# ETL

I want to analyze visa petition data, with the end goal of finding lucrative petition demographics. To do this I will analyze my CSV data for a brief overview and then route it through SQL to perform a more robust analysis. I will connect my SQL database to an API in order to query as my data changes over time (with new entries).

1. Load Data into SQL
2. EDA: Exploratory Data Analysis
3. Vizualization
4. API

### Import libraries and database

In [4]:
import pandas as pd
import sqlalchemy as alch
from getpass import getpass
import re

In [18]:
df = pd.read_csv("input/h1b_visas_2011-2016.csv")
df.sample(5)

Unnamed: 0.1,Unnamed: 0,CASE_STATUS,EMPLOYER_NAME,SOC_NAME,JOB_TITLE,FULL_TIME_POSITION,PREVAILING_WAGE,YEAR,WORKSITE,lon,lat
72499,72500,CERTIFIED,HUNT MORTGAGE INVESTMENTS LLC,FINANCIAL ANALYSTS,CAPITAL MARKETS ANALYST,N,65187.0,2016.0,"NEW YORK, NEW YORK",-74.005941,40.712784


### Understand and format my database before importing to SQL.

In [45]:
print(f"CASE_STATUS: \n {df['CASE_STATUS'].unique()} \n\nSOC_NAME: \n {df['SOC_NAME'].unique()} \n\nFULL_TIME_POSITION: \n {df['FULL_TIME_POSITION'].unique()} \n\nPREVAILING_WAGE: \n {df['PREVAILING_WAGE'].unique()} \n\nYEAR: \n {df['YEAR'].unique()} \n\nWORKSITE: \n {df['WORKSITE'].unique()}")

CASE_STATUS: 
 ['CERTIFIED-WITHDRAWN' 'WITHDRAWN' 'CERTIFIED' 'DENIED' 'REJECTED'
 'INVALIDATED' 'PENDING QUALITY AND COMPLIANCE REVIEW - UNASSIGNED' nan] 

SOC_NAME: 
 ['BIOCHEMISTS AND BIOPHYSICISTS' 'CHIEF EXECUTIVES' 'FINANCIAL MANAGERS'
 ... 'Tree Trimmers and Pruners'
 'Excavating and Loading Machine and Dragline Operat'
 'Earth Drillers, Except Oil and Gas'] 

FULL_TIME_POSITION: 
 ['N' 'Y' nan] 

PREVAILING_WAGE: 
 [3.6067000e+04 2.4267400e+05 1.9306600e+05 ... 3.3621300e+05 1.3000080e+05
 1.3701792e+08] 

YEAR: 
 [2016. 2015. 2014. 2013. 2012. 2011.   nan] 

WORKSITE: 
 ['ANN ARBOR, MICHIGAN' 'PLANO, TEXAS' 'JERSEY CITY, NEW JERSEY' ...
 'CLINTON, NEW JERSEY' 'OWINGS MILL, MARYLAND' 'ALTANTA, GEORGIA']
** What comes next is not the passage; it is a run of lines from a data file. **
text \<open>Component i of the mass-action vector field f(x;k) = sum_r k_r x^y (y' - y),
  for a list of reactions R, where reaction R!j has rate constant k (Suc j).\<close>
definition mass_action_poly :: "(complex \<times> complex) list \<Rightarrow> (nat \<Rightarrow> real) \<Rightarrow> nat \<Rightarrow> mpoly" where
  "mass_action_poly R k i =
     (\<Sum>j<length R. Poly_Mapping.single (fst (R!j))
        (k (Suc j) * (real (Poly_Mapping.lookup (snd (R!j)) i) - real (Poly_Mapping.lookup (fst (R!j)) i))))"

definition steady_state_ideal :: "nat \<Rightarrow> (complex \<times> complex) list \<Rightarrow> (nat \<Rightarrow> real) \<Rightarrow> mpoly set" where
  "steady_state_ideal s R k = ideal_gen s {mass_action_poly R k i | i. i < s}"

definition has_toric_steady_states :: "nat \<Rightarrow> (complex \<times> complex) list \<Rightarrow> (nat \<Rightarrow> real) \<Rightarrow> bool" where
  "has_toric_steady_states s R k \<longleftrightarrow>
     (\<exists>B. (\<forall>b\<in>B. is_binomial b \<and> poly_in s b) \<and> steady_state_ideal s R k = ideal_gen s B) \<and>
     (\<exists>x. (\<forall>i<s. x i \<ge> 0) \<and> (\<forall>i<s. peval (mass_action_poly R k i) x = 0))"

definition "RAF = (0::nat)"
definition "pRAF = (1::nat)"
definition "MEK = (2::nat)"
definition "pMEK = (3::nat)"
definition "ppMEK = (4::nat)"
definition "ERK = (5::nat)"
definition "pERK = (6::nat)"
definition "ppERK = (7::nat)"
definition "RAS = (8::nat)"
definition "RAFPH = (9::nat)"
definition "MEKPH = (10::nat)"
definition "ERKPH = (11::nat)"
definition "RAS_RAF = (12::nat)"
definition "MEK_pRAF = (13::nat)"
definition "pMEK_pRAF = (14::nat)"
definition "ERK_ppMEK = (15::nat)"
definition "pERK_ppMEK = (16::nat)"
definition "RAF_RAFPH = (17::nat)"
definition "ppMEK_MEKPH = (18::nat)"
definition "pMEK_MEKPH = (19::nat)"
definition "ppERK_ERKPH = (20::nat)"
definition "pERK_ERKPH = (21::nat)"

definition sp :: "nat \<Rightarrow> complex" where
  "sp i = Poly_Mapping.single i 1"

definition erk_network :: "(complex \<times> complex) list" where
  "erk_network = [
    (sp RAF + sp RAS, sp RAS_RAF),            \<comment> \<open>k1\<close>
    (sp RAS_RAF, sp RAF + sp RAS),            \<comment> \<open>k2\<close>
    (sp RAS_RAF, sp pRAF + sp RAS),           \<comment> \<open>k3\<close>
    (sp pRAF + sp RAFPH, sp RAF_RAFPH),       \<comment> \<open>k4\<close>
    (sp RAF_RAFPH, sp pRAF + sp RAFPH),       \<comment> \<open>k5\<close>
    (sp RAF_RAFPH, sp RAF + sp RAFPH),        \<comment> \<open>k6\<close>
    (sp MEK + sp pRAF, sp MEK_pRAF),          \<comment> \<open>k7\<close>
    (sp MEK_pRAF, sp MEK + sp pRAF),          \<comment> \<open>k8\<close>
    (sp MEK_pRAF, sp pMEK + sp pRAF),         \<comment> \<open>k9\<close>
    (sp pMEK + sp pRAF, sp pMEK_pRAF),        \<comment> \<open>k10\<close>
    (sp pMEK_pRAF, sp pMEK + sp pRAF),        \<comment> \<open>k11\<close>
    (sp pMEK_pRAF, sp ppMEK + sp pRAF),       \<comment> \<open>k12\<close>
    (sp ppMEK + sp MEKPH, sp ppMEK_MEKPH),    \<comment> \<open>k13\<close>
    (sp ppMEK_MEKPH, sp ppMEK + sp MEKPH),    \<comment> \<open>k14\<close>
    (sp ppMEK_MEKPH, sp pMEK + sp MEKPH),     \<comment> \<open>k15\<close>
    (sp pMEK + sp MEKPH, sp pMEK_MEKPH),      \<comment> \<open>k16\<close>
    (sp pMEK_MEKPH, sp pMEK + sp MEKPH),      \<comment> \<open>k17\<close>
    (sp pMEK_MEKPH, sp MEK + sp MEKPH),       \<comment> \<open>k18\<close>
    (sp ERK + sp ppMEK, sp ERK_ppMEK),        \<comment> \<open>k19\<close>
    (sp ERK_ppMEK, sp ERK + sp ppMEK),        \<comment> \<open>k20\<close>
    (sp ERK_ppMEK, sp pERK + sp ppMEK),       \<comment> \<open>k21\<close>
    (sp pERK + sp ppMEK, sp pERK_ppMEK),      \<comment> \<open>k22\<close>
    (sp pERK_ppMEK, sp pERK + sp ppMEK),      \<comment> \<open>k23\<close>
    (sp pERK_ppMEK, sp ppERK + sp ppMEK),     \<comment> \<open>k24\<close>
    (sp ppERK + sp ERKPH, sp ppERK_ERKPH),    \<comment> \<open>k25\<close>
    (sp ppERK_ERKPH, sp ppERK + sp ERKPH),    \<comment> \<open>k26\<close>
    (sp ppERK_ERKPH, sp pERK + sp ERKPH),     \<comment> \<open>k27\<close>
    (sp pERK + sp ERKPH, sp pERK_ERKPH),      \<comment> \<open>k28\<close>
    (sp pERK_ERKPH, sp pERK + sp ERKPH),      \<comment> \<open>k29\<close>
    (sp pERK_ERKPH, sp ERK + sp ERKPH)        \<comment> \<open>k30\<close>
  ]"

end

theory Submission
  imports Defs
begin

text \<open>The steady-state polynomial of each of the ten intermediate complexes c is a binomial
  k_on x^y - (k_off + k_cat) x_c, since c is formed in exactly one binding reaction y \<rightarrow> c.
  For RAF, MEK, ERK, ppERK and ppMEK, adding the polynomials of the intermediates that the
  species forms cancels all binding and unbinding terms and leaves a binomial in two
  intermediates.  The remaining seven polynomials (RAS, the three phosphatases, pRAF, pMEK,
  pERK) are eliminated by the seven conservation laws of the network, each of which says that
  a sum of steady-state polynomials vanishes identically.  So these 15 binomials generate the
  steady state ideal.  The origin is a nonnegative steady state because no reactant complex
  is empty.\<close>

lemma vars_add: "vars (p + q) \<subseteq> vars p \<union> vars q"
  unfolding vars_def using keys_add[of p q] by blast

lemma vars_mult: "vars (p * q) \<subseteq> vars p \<union> vars q"
proof
  fix v assume "v \<in> vars (p * q)"
  then obtain m where m: "m \<in> Poly_Mapping.keys (p * q)" "v \<in> Poly_Mapping.keys m"
    unfolding vars_def by blast
  then obtain a b where "m = a + b" "a \<in> Poly_Mapping.keys p" "b \<in> Poly_Mapping.keys q"
    using keys_mult[of p q] by blast
  with m(2) show "v \<in> vars p \<union> vars q"
    using keys_add[of a b] unfolding vars_def by blast
qed

lemma poly_in_add: "poly_in s p \<Longrightarrow> poly_in s q \<Longrightarrow> poly_in s (p + q)"
  unfolding poly_in_def using vars_add by blast

lemma poly_in_mult: "poly_in s p \<Longrightarrow> poly_in s q \<Longrightarrow> poly_in s (p * q)"
  unfolding poly_in_def using vars_mult by blast

lemma poly_in_0: "poly_in s 0"
  unfolding poly_in_def vars_def by simp

lemma poly_in_1: "poly_in s 1"
  unfolding poly_in_def vars_def by simp

lemma poly_in_single_diff:
  assumes "Poly_Mapping.keys m \<subseteq> {..<s}" and "Poly_Mapping.keys m' \<subseteq> {..<s}"
  shows "poly_in s (Poly_Mapping.single m a - Poly_Mapping.single m' b)"
  using keys_diff[of "Poly_Mapping.single m a" "Poly_Mapping.single m' b"] assms
  unfolding poly_in_def vars_def by (auto split: if_splits)

lemma is_binomial_single_diff:
  "is_binomial (Poly_Mapping.single m a - Poly_Mapping.single m' b)"
proof -
  have "card (Poly_Mapping.keys (Poly_Mapping.single m a - Poly_Mapping.single m' b)) \<le> card {m, m'}"
    using keys_diff[of "Poly_Mapping.single m a" "Poly_Mapping.single m' b"]
    by (intro card_mono) (auto split: if_splits)
  also have "\<dots> \<le> 2"
    by (simp add: card_insert_le_m1)
  finally show ?thesis
    unfolding is_binomial_def .
qed

lemma ideal_gen_0: "0 \<in> ideal_gen s F"
  unfolding ideal_gen_def by (intro CollectI exI[of _ "{}"]) simp

lemma ideal_gen_base: "f \<in> F \<Longrightarrow> f \<in> ideal_gen s F"
  unfolding ideal_gen_def
  by (intro CollectI exI[of _ "{f}"] exI[of _ "\<lambda>_. 1"]) (simp add: poly_in_1)

lemma ideal_gen_add:
  assumes "p \<in> ideal_gen s F" and "q \<in> ideal_gen s F"
  shows "p + q \<in> ideal_gen s F"
proof -
  obtain S c where S: "finite S" "S \<subseteq> F" "\<forall>f\<in>S. poly_in s (c f)" "p = (\<Sum>f\<in>S. c f * f)"
    using assms(1) unfolding ideal_gen_def by blast
  obtain T d where T: "finite T" "T \<subseteq> F" "\<forall>f\<in>T. poly_in s (d f)" "q = (\<Sum>f\<in>T. d f * f)"
    using assms(2) unfolding ideal_gen_def by blast
  define c' where "c' f = (if f \<in> S then c f else 0)" for f
  define d' where "d' f = (if f \<in> T then d f else 0)" for f
  have "p = (\<Sum>f\<in>S \<union> T. c' f * f)"
    unfolding S(4) c'_def using S(1) T(1) by (intro sum.mono_neutral_cong_left) auto
  moreover have "q = (\<Sum>f\<in>S \<union> T. d' f * f)"
    unfolding T(4) d'_def using S(1) T(1) by (intro sum.mono_neutral_cong_left) auto
  ultimately have "p + q = (\<Sum>f\<in>S \<union> T. (c' f + d' f) * f)"
    by (simp add: sum.distrib distrib_right)
  moreover have "\<forall>f\<in>S \<union> T. poly_in s (c' f + d' f)"
    using S(3) T(3) unfolding c'_def d'_def by (auto intro!: poly_in_add simp: poly_in_0)
  ultimately show ?thesis
    unfolding ideal_gen_def using S(1,2) T(1,2)
    by (intro CollectI exI[of _ "S \<union> T"] exI[of _ "\<lambda>f. c' f + d' f"]) simp
qed

lemma ideal_gen_mult:
  assumes "p \<in> ideal_gen s F" and "poly_in s q"
  shows "q * p \<in> ideal_gen s F"
proof -
  obtain S c where S: "finite S" "S \<subseteq> F" "\<forall>f\<in>S. poly_in s (c f)" "p = (\<Sum>f\<in>S. c f * f)"
    using assms(1) unfolding ideal_gen_def by blast
  have "q * p = (\<Sum>f\<in>S. (q * c f) * f)"
    unfolding S(4) by (simp add: sum_distrib_left mult.assoc)
  moreover have "\<forall>f\<in>S. poly_in s (q * c f)"
    using S(3) assms(2) by (auto intro: poly_in_mult)
  ultimately show ?thesis
    unfolding ideal_gen_def using S(1,2) by (intro CollectI exI[of _ S] exI[of _ "\<lambda>f. q * c f"]) simp
qed

lemma ideal_gen_uminus: "p \<in> ideal_gen s F \<Longrightarrow> - p \<in> ideal_gen s F"
  using ideal_gen_mult[of p s F "- 1"] poly_in_1[of s]
  unfolding poly_in_def vars_def by simp

lemma ideal_gen_diff: "p \<in> ideal_gen s F \<Longrightarrow> q \<in> ideal_gen s F \<Longrightarrow> p - q \<in> ideal_gen s F"
  using ideal_gen_add[of p s F "- q"] ideal_gen_uminus[of q s F] by simp

lemma ideal_gen_subset:
  assumes "F \<subseteq> ideal_gen s G"
  shows "ideal_gen s F \<subseteq> ideal_gen s G"
proof
  fix p assume "p \<in> ideal_gen s F"
  then obtain S c where S: "finite S" "S \<subseteq> F" "\<forall>f\<in>S. poly_in s (c f)" "p = (\<Sum>f\<in>S. c f * f)"
    unfolding ideal_gen_def by blast
  from S(1-3) have "(\<Sum>f\<in>S. c f * f) \<in> ideal_gen s G"
  proof (induction S rule: finite_induct)
    case empty
    then show ?case by (simp add: ideal_gen_0)
  next
    case (insert f S)
    then show ?case
      using assms by (auto intro!: ideal_gen_add ideal_gen_mult)
  qed
  with S(4) show "p \<in> ideal_gen s G" by simp
qed

lemma ideal_gen_sum:
  "(\<And>i. i \<in> I \<Longrightarrow> f i \<in> ideal_gen s F) \<Longrightarrow> (\<Sum>i\<in>I. f i) \<in> ideal_gen s F"
  by (induction I rule: infinite_finite_induct) (simp_all add: ideal_gen_0 ideal_gen_add)

lemma ideal_gen_sum_remove:
  assumes "finite I" and "j \<in> I" and "(\<Sum>i\<in>I. f i) \<in> ideal_gen s F"
    and "\<And>i. i \<in> I - {j} \<Longrightarrow> f i \<in> ideal_gen s F"
  shows "f j \<in> ideal_gen s F"
proof -
  have "f j = (\<Sum>i\<in>I. f i) - (\<Sum>i\<in>I - {j}. f i)"
    using assms(1,2) by (simp add: sum.remove)
  also have "\<dots> \<in> ideal_gen s F"
    using assms(4) by (intro ideal_gen_diff[OF assms(3)] ideal_gen_sum)
  finally show ?thesis .
qed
### Potential discoveries:
- most lucrative field, state.
- growth in visa requests y/y.
- check if full-time visas are more lucrative.

# 1. Load Data into SQL

### Create SQL schema
This step is done in MySQL Workbench, first by creating an EER diagram and then reverse engineering into tables.

""" CODE """

### Connect to SQL (using SQLalchemy)

In [None]:
password = getpass("Insert your password here: ")
dbName = "US_visas"
connectionData = f"mysql+pymysql://root:{password}@localhost/{dbName}"
engine = alch.create_engine(connectionData)

In [None]:
list(engine.execute("SELECT * FROM visa"))

### Populate SQL

In [None]:
def check (table, string):
''' Ensure duplicate data is not inserted into SQL using defensive programming '''

    if table == "visa":
        query = list(engine.execute(f"SELECT name FROM visa WHERE name = '{string}';"))
        if len(query) > 0:
            return True
        else:
            return False
        
    if table == "demographic":
        query = list(engine.execute(f"SELECT name FROM demographic WHERE name = '{string}';"))
        if len(query) > 0:
            return True
        else:
            return False

In [None]:
# Test the check function.
#check("visa", "John")

In [None]:
def insertVisa (status, field, wage, year):
    ''' Insert data into SQL table VISA '''
    
    # CANNOT USE CHECK SINCE DATA DOES NOT HAVE UNIQUE IDS (LIKE NAME)
    #if check("visa", string):
    #    return "It already exists"
    #else:
        engine.execute(f"INSERT INTO visa (status, field, wage, year) VALUES ('{status}', '{field}', '{wage}', '{year}');")

In [None]:
# Test the insert function.
#insertVisa ("test")
#check("visa", "John")

In [None]:
# Insert all data into SQL: 3 million rows; CASE_STATUS, SOC_NAME, PREVAILING_WAGE, YEAR.
for index, row in df.iterrows():
    insertVisa (row["CASE_STATUS"], row["SOC_NAME"], row["PREVAILING_WAGE"], row["YEAR"])
    
# for index, row in df.iterrows():
#    insertDemo (row["demo"])

### Export to JSON

In [47]:
df.to_json("h1b_visas_2011-2016")

# 2. EDA: Exploratory Data Analysis

### Most Lucrative Field
1. what is the aggregate PREVAILING_WAGE for each SOC_NAME?
2. Filter for only approved.

In [None]:
# code here

### Most Lucrative State
1. what is the aggregate PREVAILING_WAGE for each WORKSITE? Group worksites with similar state names.
2. Filter for only approved.

In [None]:
# code here

# 3. Vizualization

In [48]:
# Plot 2-3 charts to visualize demographic variance and popularity.

# Plot a geopandas map of each country's applicants' total income.

# 4. API

Connect analysis to api using api.py (see file in repo root).